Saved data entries
====================

lemma inj_on_p_alpha:
  assumes "\<alpha> \<in> {-1..1}"
  shows "inj_on (p_alpha \<alpha>) \<E>"
proof (rule inj_onI)
  fix z1 z2 assume z: "z1 \<in> \<E>" "z2 \<in> \<E>" "p_alpha \<alpha> z1 = p_alpha \<alpha> z2"
  then have "phi ((1 - \<alpha>) / 2) ((1 + \<alpha>) / 2) (cayley z1) = phi ((1 - \<alpha>) / 2) ((1 + \<alpha>) / 2) (cayley z2)"
    by (simp add: p_alpha_eq_phi_cayley)
  moreover have "cayley z1 \<in> {w. 0 < Re w}" "cayley z2 \<in> {w. 0 < Re w}"
    using z(1,2) bij_betw_cayley by (auto dest: bij_betw_apply)
  moreover have "inj_on (phi ((1 - \<alpha>) / 2) ((1 + \<alpha>) / 2)) {w. 0 < Re w}"
    using assms by (intro inj_on_phi) (auto simp: field_simps)
  ultimately have "cayley z1 = cayley z2"
    by (auto dest: inj_onD)
  then show "z1 = z2"
    using z(1,2) bij_betw_cayley by (auto simp: bij_betw_def dest: inj_onD)
qed

lemma convex_imag_dir_p_alpha:
  assumes "\<alpha> \<in> {-1..1}"
  shows "convex_imag_dir (p_alpha \<alpha> ` \<E>)"
  unfolding p_alpha_image
  using assms by (intro convex_imag_dir_affinity convex_imag_dir_phi_image) (auto simp: field_simps)

section \<open>The shear construction\<close>

lemma Re_dilatation_pos:
  fixes a b :: complex
  assumes "a \<noteq> 0" "norm (b / a) < 1"
  shows "a + b \<noteq> 0" "0 < Re ((a - b) / (a + b))"
proof -
  have "norm (- (b / a)) < 1"
    using assms(2) by simp
  then have "1 + b / a \<noteq> 0" "0 < Re (cayley (- (b / a)))"
    using cayley_Re_pos by (auto simp: add_eq_0_iff)
  moreover have "a + b = a * (1 + b / a)"
    using assms(1) by (simp add: field_simps)
  ultimately show "a + b \<noteq> 0"
    using assms(1) by simp
  have "cayley (- (b / a)) = ((a - b) / a) / ((a + b) / a)"
    using assms(1) by (simp add: cayley_def diff_divide_distrib add_divide_distrib)
  also have "\<dots> = (a - b) / (a + b)"
    using assms(1) by simp
  finally have "cayley (- (b / a)) = (a - b) / (a + b)" .
  with \<open>0 < Re (cayley (- (b / a)))\<close> show "0 < Re ((a - b) / (a + b))"
    by simp
qed
(* In the setting of the context, let $\mathbf{X}\in\{0,1\}^E$ be the indicator vector of edges matched by MMP-ALG, and for $u\in U$ let $\mathbf{X}_u$ be the restriction of $\mathbf{X}$ to the coordinates in $E(u)$ (other entries set to $0$). Let $x^*_u=\sum_{e\in E(u)}x^*_e$ and let $\mathbf{e}_e$ be the unit vector with a $1$ only at coordinate $e$. Then, in the limit $T\to\infty$ with $|U|=o(\sqrt{T})$, $\Pr[\mathbf{X}_u=\mathbf{0}]=e^{-x^*_u}$ and $\Pr[\mathbf{X}_u=\mathbf{e}_e]=(1-e^{-x^*_u})\frac{x^*_e}{x^*_u}$ for every $e\in E(u)$.
   Context: Bipartite graph $G=(U,V,E)$; online rounds $t=1,\dots,T$, in each of which independently at most one $v\in V$ arrives, $v$ with probability $p_v$, $\sum_v p_v\le1$, $r_v=Tp_v\in[0,1]$. Each $u\in U$ can be matched at most once. $E(w)$ denotes the set of edges incident to $w$. $\mathbf{x}^*\in[0,1]^E$ satisfies $\sum_{e\in E(v)}x^*_e\le r_v$ for all $v\in V$ and $\sum_{e\in E(u)}x^*_e\le1$ for all $u\in U$. MMP-ALG: when $v$ arrives, sample at most one edge $e\in E(v)$, each $e$ with probability $x^*_e/r_v$; if $e=(u,v)$ is sampled and $u$ is still unmatched, match $e$, otherwise skip. *)

theory Defs
  imports "HOL-Probability.Probability" "HOL-Library.Landau_Symbols"
begin

definition edges_at_u :: "('u \<times> 'v) set \<Rightarrow> 'u \<Rightarrow> ('u \<times> 'v) set" where
  "edges_at_u E u = {e \<in> E. fst e = u}"

definition edges_at_v :: "('u \<times> 'v) set \<Rightarrow> 'v \<Rightarrow> ('u \<times> 'v) set" where
  "edges_at_v E v = {e \<in> E. snd e = v}"

definition rate :: "nat \<Rightarrow> ('v \<Rightarrow> real) \<Rightarrow> 'v \<Rightarrow> real" where
  "rate T p v = real T * p v"

text \<open>Valid instance for horizon T: graph, arrival probabilities p, LP solution x*.\<close>
definition mmp_instance ::
  "'u set \<Rightarrow> 'v set \<Rightarrow> ('u \<times> 'v) set \<Rightarrow> ('v \<Rightarrow> real) \<Rightarrow> (('u \<times> 'v) \<Rightarrow> real) \<Rightarrow> nat \<Rightarrow> bool" where
  "mmp_instance U V E p x T \<longleftrightarrow>
     finite U \<and> finite V \<and> E \<subseteq> U \<times> V \<and>
     (\<forall>v\<in>V. 0 \<le> p v) \<and> (\<Sum>v\<in>V. p v) \<le> 1 \<and>
     (\<forall>v\<in>V. rate T p v \<le> 1) \<and>
     (\<forall>e\<in>E. 0 \<le> x e \<and> x e \<le> 1) \<and>
     (\<forall>v\<in>V. (\<Sum>e\<in>edges_at_v E v. x e) \<le> rate T p v) \<and>
     (\<forall>u\<in>U. (\<Sum>e\<in>edges_at_u E u. x e) \<le> 1)"

definition arrival_pmf :: "'v set \<Rightarrow> ('v \<Rightarrow> real) \<Rightarrow> 'v option pmf" where
  "arrival_pmf V p = embed_pmf (\<lambda>w. case w of
       None \<Rightarrow> 1 - (\<Sum>v\<in>V. p v)
     | Some v \<Rightarrow> if v \<in> V then p v else 0)"

definition sample_pmf :: "('u \<times> 'v) set \<Rightarrow> (('u \<times> 'v) \<Rightarrow> real) \<Rightarrow> real \<Rightarrow> 'v \<Rightarrow> ('u \<times> 'v) option pmf" where
  "sample_pmf E x rv v = embed_pmf (\<lambda>w. case w of
       None \<Rightarrow> 1 - (\<Sum>e\<in>edges_at_v E v. x e / rv)
     | Some e \<Rightarrow> if e \<in> edges_at_v E v then x e / rv else 0)"

definition mmp_step :: "'v set \<Rightarrow> ('u \<times> 'v) set \<Rightarrow> ('v \<Rightarrow> real) \<Rightarrow> (('u \<times> 'v) \<Rightarrow> real) \<Rightarrow> nat
      \<Rightarrow> ('u \<times> 'v) set \<Rightarrow> ('u \<times> 'v) set pmf" where
  "mmp_step V E p x T M = bind_pmf (arrival_pmf V p) (\<lambda>a. case a of
       None \<Rightarrow> return_pmf M
     | Some v \<Rightarrow> map_pmf (\<lambda>s. case s of
            None \<Rightarrow> M
          | Some e \<Rightarrow> if (\<exists>e'\<in>M. fst e' = fst e) then M else insert e M)
          (sample_pmf E x (rate T p v) v))"

primrec mmp_rounds :: "'v set \<Rightarrow> ('u \<times> 'v) set \<Rightarrow> ('v \<Rightarrow> real) \<Rightarrow> (('u \<times> 'v) \<Rightarrow> real) \<Rightarrow> nat
      \<Rightarrow> nat \<Rightarrow> ('u \<times> 'v) set pmf" where
  "mmp_rounds V E p x T 0 = return_pmf {}"
| "mmp_rounds V E p x T (Suc n) = bind_pmf (mmp_rounds V E p x T n) (mmp_step V E p x T)"

definition mmp_run :: "'v set \<Rightarrow> ('u \<times> 'v) set \<Rightarrow> ('v \<Rightarrow> real) \<Rightarrow> (('u \<times> 'v) \<Rightarrow> real) \<Rightarrow> nat
      \<Rightarrow> ('u \<times> 'v) set pmf" where
  "mmp_run V E p x T = mmp_rounds V E p x T T"

definition match_vec :: "('u \<times> 'v) set \<Rightarrow> ('u \<times> 'v) \<Rightarrow> real" where
  "match_vec M = (\<lambda>e. if e \<in> M then 1 else 0)"

definition restrict_vec :: "('u \<times> 'v) set \<Rightarrow> 'u \<Rightarrow> (('u \<times> 'v) \<Rightarrow> real) \<Rightarrow> ('u \<times> 'v) \<Rightarrow> real" where
  "restrict_vec E u X = (\<lambda>e. if e \<in> edges_at_u E u then X e else 0)"
(* Let $X$ be a stacked simplicial complex of dimension $d$, let $\mathcal F$ be any partition of the set of facets of $X$, and let $\sim'_V$ be the relation on vertices associated with $\mathcal F$. Fix a codimension one face $c$, with associated $X_m$ and $V_m$. Let $m\ge1$, $v\in V_m\setminus V_{m-1}$, and let $u,w$ be distinct vertices in $V_m$ such that $v\sim'_V u$ and $v\sim'_V w$. Then $u\sim'_V w$.
   Context: A simplicial complex $X$ on a finite vertex set $V$ is a family of subsets (faces) of $V$ closed under taking subsets, every element of $V$ lying in some face; facets are inclusion-maximal faces. $X$ is pure of dimension $d$ if every facet has $d+1$ elements; a codimension one face is a face with $d$ elements. $X$ is stacked if it is pure of some dimension $d$ and its facets can be ordered $F_0,\dots,F_k$ such that for each $p\ge1$, $F_p$ contains exactly one vertex $v_p$ not in $F_0\cup\dots\cup F_{p-1}$, and $F_p\setminus\{v_p\}\subseteq F_j$ for some $j<p$. A walk is a sequence of facets $f_1,\dots,f_p$ ($p\ge1$) with each $f_i\cap f_{i+1}$ of exactly $d$ elements; a path is a walk in which the faces $f_i\cap f_{i+1}$, $1\le i<p$, are pairwise distinct. For faces $h,k$ with $h\cup k$ not contained in any codimension one face, a path between $h$ and $k$, written $h\,|\,f_1,\dots,f_p\,|\,k$, is a path with $h\subseteq f_1$, $k\subseteq f_p$ and, if $p\ge2$, $h\not\subseteq f_1\cap f_2$, $k\not\subseteq f_p\cap f_{p-1}$; in a stacked complex it exists and is unique. Relation $\sim'_V$: for distinct vertices $v,w$ not lying in a common facet, let $v\,|\,f_1,\dots,f_p\,|\,w$ be the unique path between $\{v\}$ and $\{w\}$; then $v\sim'_V w$ iff $f_1$ and $f_p$ lie in the same part $Q$ of $\mathcal F$ and none of $f_2,\dots,f_{p-1}$ lies in $Q$. (Vertices lying in a common facet are never related by $\sim'_V$.) Distance neighbourhoods: the distance from a facet $f$ to $c$ is the minimal $r\ge1$ such that there is a walk $f_1,\dots,f_r$ with $f_1=f$ and $c\subseteq f_r$; $X_m$ is the set of facets at distance $\le m$ from $c$; $V_0$ is the vertex set of $c$ and, for $m\ge1$, $V_m$ is the set of vertices of facets in $X_m$. *)

theory Defs
  imports Main "HOL-Library.Disjoint_Sets"
begin

definition simplicial_complex :: "'a set \<Rightarrow> 'a set set \<Rightarrow> bool" where
  "simplicial_complex V X \<longleftrightarrow> finite V \<and> (\<forall>F\<in>X. F \<subseteq> V)
     \<and> (\<forall>F\<in>X. \<forall>G. G \<subseteq> F \<longrightarrow> G \<in> X) \<and> (\<forall>v\<in>V. \<exists>F\<in>X. v \<in> F)"

definition facets :: "'a set set \<Rightarrow> 'a set set" where
  "facets X = {F \<in> X. \<forall>G\<in>X. F \<subseteq> G \<longrightarrow> G = F}"

definition pure :: "'a set set \<Rightarrow> nat \<Rightarrow> bool" where
  "pure X d \<longleftrightarrow> (\<forall>F\<in>facets X. card F = d + 1)"

definition stacked :: "'a set set \<Rightarrow> nat \<Rightarrow> bool" where
  "stacked X d \<longleftrightarrow> pure X d \<and>
     (\<exists>fs. fs \<noteq> [] \<and> distinct fs \<and> set fs = facets X \<and>
        (\<forall>p. 1 \<le> p \<and> p < length fs \<longrightarrow>
           (\<exists>v. fs ! p - (\<Union>j<p. fs ! j) = {v} \<and>
                (\<exists>j<p. fs ! p - {v} \<subseteq> fs ! j))))"

definition walk :: "'a set set \<Rightarrow> nat \<Rightarrow> 'a set list \<Rightarrow> bool" where
  "walk X d fs \<longleftrightarrow> fs \<noteq> [] \<and> set fs \<subseteq> facets X \<and>
     (\<forall>i. i + 1 < length fs \<longrightarrow> card (fs ! i \<inter> fs ! (i + 1)) = d)"

definition path :: "'a set set \<Rightarrow> nat \<Rightarrow> 'a set list \<Rightarrow> bool" where
  "path X d fs \<longleftrightarrow> walk X d fs \<and>
     distinct (map (\<lambda>i. fs ! i \<inter> fs ! (i + 1)) [0..<length fs - 1])"

definition path_between :: "'a set set \<Rightarrow> nat \<Rightarrow> 'a set \<Rightarrow> 'a set list \<Rightarrow> 'a set \<Rightarrow> bool" where
  "path_between X d h fs k \<longleftrightarrow> path X d fs \<and> h \<subseteq> hd fs \<and> k \<subseteq> last fs \<and>
     (2 \<le> length fs \<longrightarrow>
        \<not> h \<subseteq> fs ! 0 \<inter> fs ! 1 \<and>
        \<not> k \<subseteq> fs ! (length fs - 1) \<inter> fs ! (length fs - 2))"

definition rel_V :: "'a set set \<Rightarrow> nat \<Rightarrow> 'a set set set \<Rightarrow> 'a \<Rightarrow> 'a \<Rightarrow> bool" where
  "rel_V X d \<F> v w \<longleftrightarrow> v \<noteq> w \<and> v \<in> \<Union>X \<and> w \<in> \<Union>X \<and>
     \<not> (\<exists>F\<in>facets X. v \<in> F \<and> w \<in> F) \<and>
     (let fs = (THE fs. path_between X d {v} fs {w}) in
       \<exists>Q\<in>\<F>. hd fs \<in> Q \<and> last fs \<in> Q \<and>
         (\<forall>i. 1 \<le> i \<and> i < length fs - 1 \<longrightarrow> fs ! i \<notin> Q))"

definition reaches :: "'a set set \<Rightarrow> nat \<Rightarrow> 'a set \<Rightarrow> 'a set \<Rightarrow> nat \<Rightarrow> bool" where
  "reaches X d c f r \<longleftrightarrow> 1 \<le> r \<and>
     (\<exists>fs. walk X d fs \<and> length fs = r \<and> hd fs = f \<and> c \<subseteq> last fs)"

definition facet_dist :: "'a set set \<Rightarrow> nat \<Rightarrow> 'a set \<Rightarrow> 'a set \<Rightarrow> nat" where
  "facet_dist X d c f = (LEAST r. reaches X d c f r)"

definition Xm :: "'a set set \<Rightarrow> nat \<Rightarrow> 'a set \<Rightarrow> nat \<Rightarrow> 'a set set" where
  "Xm X d c m = {f \<in> facets X. (\<exists>r. reaches X d c f r) \<and> facet_dist X d c f \<le> m}"

definition Vm :: "'a set set \<Rightarrow> nat \<Rightarrow> 'a set \<Rightarrow> nat \<Rightarrow> 'a set" where
  "Vm X d c m = (if m = 0 then c else \<Union>(Xm X d c m))"

end

theory Submission
  imports Defs "HOL-Library.Sublist"
begin

text \<open>Facets and ridges of a stacked complex form a tree, in which walks of facets are the
  walks alternating between facets and ridges; the path between two vertices is the
  unique shortest tree path (a bridge) between their stars, which are subtrees, and the
  distance of a facet to \<open>c\<close> counts the facets on its tree geodesic to \<open>c\<close>.
  For \<open>v \<in> V\<^sub>m - V\<^sub>m\<^sub>-\<^sub>1\<close>, the paths from \<open>v\<close> to \<open>u\<close> and to \<open>w\<close> in \<open>V\<^sub>m\<close> must leave the star of
  \<open>v\<close> along its geodesic to \<open>c\<close>, since otherwise a facet through \<open>u\<close> or \<open>w\<close> would be too
  far from \<open>c\<close>; so they share their first facet and ridge. Their last facets lie in the part
  \<open>Q\<close> containing the first one, which their interiors avoid, so neither path is a prefix of
  the other; splicing them where they branch gives the path from \<open>u\<close> to \<open>w\<close>, and its
  interior, made of interior facets of the two paths, avoids \<open>Q\<close>.\<close>

fun no_backtrack :: "'n list \<Rightarrow> bool" where
  "no_backtrack (x # y # z # r) \<longleftrightarrow> x \<noteq> z \<and> no_backtrack (y # z # r)"
| "no_backtrack _ \<longleftrightarrow> True"

lemma no_backtrack_tl: "no_backtrack xs \<Longrightarrow> no_backtrack (tl xs)"
  by (induction xs rule: no_backtrack.induct) auto
(* For all integers $k,\ell\ge 0$, every blowup $G$ of $F_{k,\ell}$ satisfies $\chi(G)\le\lceil\frac54\omega(G)\rceil$.
   Context: For integers $k,\ell\ge 0$, $F_{k,\ell}$ is the graph whose vertex set is partitioned into $A,B,U,W,\{x,y,z\}$ where: $A=\{a_0,\dots,a_k\}$ is a clique, $U=\{u_1,\dots,u_k\}$ is a stable set, and the only edges between $A$ and $U$ are $a_iu_i$ ($1\le i\le k$); $B=\{b_0,\dots,b_\ell\}$ is a clique, $W=\{w_1,\dots,w_\ell\}$ is a stable set, and the only edges between $B$ and $W$ are $b_jw_j$ ($1\le j\le\ell$); $N(x)=A\cup U\cup W\cup\{y\}$, $N(y)=B\cup U\cup W\cup\{x\}$, $N(z)=A\cup B$. A blowup of $H$ is any graph whose vertex set can be partitioned into $|V(H)|$ (not necessarily non-empty) cliques $Q_v$, with $Q_u$ complete to $Q_v$ if $uv\in E(H)$ and no edges between them otherwise. *)

theory Defs
  imports Complex_Main
begin

text \<open>Finite graphs are given by a finite vertex set V and an adjacency relation E;
  only pairs of distinct vertices of V are relevant.\<close>

definition is_coloring :: "'v set \<Rightarrow> ('v \<Rightarrow> 'v \<Rightarrow> bool) \<Rightarrow> nat \<Rightarrow> ('v \<Rightarrow> nat) \<Rightarrow> bool" where
  "is_coloring V E n c \<longleftrightarrow>
     (\<forall>v\<in>V. c v < n) \<and> (\<forall>u\<in>V. \<forall>v\<in>V. u \<noteq> v \<longrightarrow> E u v \<longrightarrow> c u \<noteq> c v)"
theorem corollary2p13:
  fixes a b :: real and h :: nat and v w :: "nat \<Rightarrow> real"
    and f p :: "real \<Rightarrow> real" and \<theta> :: "nat \<Rightarrow> real"
  assumes ab: "a < b"
    and h: "h \<ge> 1"
    and vpos: "\<forall>i \<in> {1..h}. v i > 0"
    and wpos: "\<forall>i \<in> {1..h}. w i > 0"
    and fcont: "continuous_on UNIV f"
    and pcont: "continuous_on UNIV p"
    and pnonneg: "\<forall>x. p x \<ge> 0"
    and psupp: "{x. p x > 0} = {a<..<b}"
    and fmono: "mono f"
    and flip: "Lip a b f < ereal (Min ((\<lambda>i. v i * w i) ` {1..h}))"
    and crit: "grad_zero h (LL a b h v w f p) \<theta>"
  shows "max (NN h v w \<theta> b - f b) (f a - NN h v w \<theta> a)
           \<le> (SUP x \<in> {a<..<b}. (\<Sum>i \<in> {i \<in> {1..h}. x \<in> Iset a b w \<theta> i}. v i))"
proof -
  interpret loss_critical_point a b h v w f p \<theta>
    using ab vpos wpos fcont pcont pnonneg psupp crit by unfold_locales
  define V where "V x = (\<Sum>i \<in> {i \<in> {1..h}. x \<in> Iset a b w \<theta> i}. v i)" for x
  have bdd: "bdd_above (V ` {a<..<b})"
    by (rule bdd_aboveI2[of _ _ "\<Sum>i = 1..h. v i"])
      (use vpos in \<open>auto simp: V_def less_imp_le intro!: sum_mono2\<close>)
  obtain y1 where y1: "y1 \<in> {a<..<b}" "residual y1 \<le> 0"
    "\<forall>j\<in>{1..h}. Iset a b w \<theta> j \<noteq> {} \<longrightarrow> psi w \<theta> j < y1"
    using exists_residual_nonpos_right_of_active by blast
  obtain y2 where y2: "y2 \<in> {a<..<b}" "residual y2 \<ge> 0"
    "\<forall>j\<in>{1..h}. Iset a b w \<theta> j \<noteq> {} \<longrightarrow> y2 < psi w \<theta> j + 1 / w j"
    using exists_residual_nonneg_left_of_active by blast
  have "f y1 \<le> f b" "f a \<le> f y2"
    using y1(1) y2(1) by (auto intro: monoD[OF fmono])
  then have "NN h v w \<theta> b - f b \<le> V y1" "f a - NN h v w \<theta> a \<le> V y2"
    using NN_rise_right_le[OF vpos wpos y1(1,3)] NN_rise_left_le[OF vpos wpos y2(1,3)] y1(2) y2(2)
    unfolding V_def residual_def by linarith+
  moreover have "V y1 \<le> (SUP x \<in> {a<..<b}. V x)" "V y2 \<le> (SUP x \<in> {a<..<b}. V x)"
    using cSUP_upper[OF y1(1) bdd] cSUP_upper[OF y2(1) bdd] by auto
  ultimately show ?thesis
    unfolding V_def by simp
qed
lemma abs_sum_mult_le_variation:
  fixes P g :: "nat \<Rightarrow> real"
  assumes "P (Suc n) = 0" and partial_sums: "\<And>N. \<bar>\<Sum>j<N. g j\<bar> \<le> M"
  shows "\<bar>\<Sum>l\<le>n. P l * g l\<bar> \<le> M * (\<Sum>l\<le>n. \<bar>P (Suc l) - P l\<bar>)"
proof -
  define G where "G N = (\<Sum>j<N. g j)" for N
  have G_bound: "\<bar>G N\<bar> \<le> M" for N unfolding G_def by (rule partial_sums)
  have "G (Suc l) - G l = g l" for l by (simp add: G_def)
  hence "(\<Sum>l\<le>n. P l * g l) = (\<Sum>l<Suc n. P l * (G (Suc l) - G l))"
    by (simp only: lessThan_Suc_atMost)
  also have "\<dots> = - (\<Sum>l\<le>n. G (Suc l) * (P (Suc l) - P l))"
    unfolding sum_by_parts by (simp add: assms(1) G_def lessThan_Suc_atMost)
  finally have "\<bar>\<Sum>l\<le>n. P l * g l\<bar> \<le> (\<Sum>l\<le>n. \<bar>G (Suc l)\<bar> * \<bar>P (Suc l) - P l\<bar>)"
    by (simp add: abs_mult sum_abs order.trans[OF sum_abs])
  also have "\<dots> \<le> (\<Sum>l\<le>n. M * \<bar>P (Suc l) - P l\<bar>)"
    by (intro sum_mono mult_right_mono G_bound abs_ge_zero)
  finally show ?thesis by (simp add: sum_distrib_left)
qed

====================

_Requirement_
Your response should be the lines above from the first to the one containing "(phi ((1 - \<alpha>)", inclusive, each given exactly.

_Exercise response_
lemma inj_on_p_alpha:
  assumes "\<alpha> \<in> {-1..1}"
  shows "inj_on (p_alpha \<alpha>) \<E>"
proof (rule inj_onI)
  fix z1 z2 assume z: "z1 \<in> \<E>" "z2 \<in> \<E>" "p_alpha \<alpha> z1 = p_alpha \<alpha> z2"
  then have "phi ((1 - \<alpha>) / 2) ((1 + \<alpha>) / 2) (cayley z1) = phi ((1 - \<alpha>) / 2) ((1 + \<alpha>) / 2) (cayley z2)"
    by (simp add: p_alpha_eq_phi_cayley)
  moreover have "cayley z1 \<in> {w. 0 < Re w}" "cayley z2 \<in> {w. 0 < Re w}"
    using z(1,2) bij_betw_cayley by (auto dest: bij_betw_apply)
  moreover have "inj_on (phi ((1 - \<alpha>) / 2) ((1 + \<alpha>) / 2)) {w. 0 < Re w}"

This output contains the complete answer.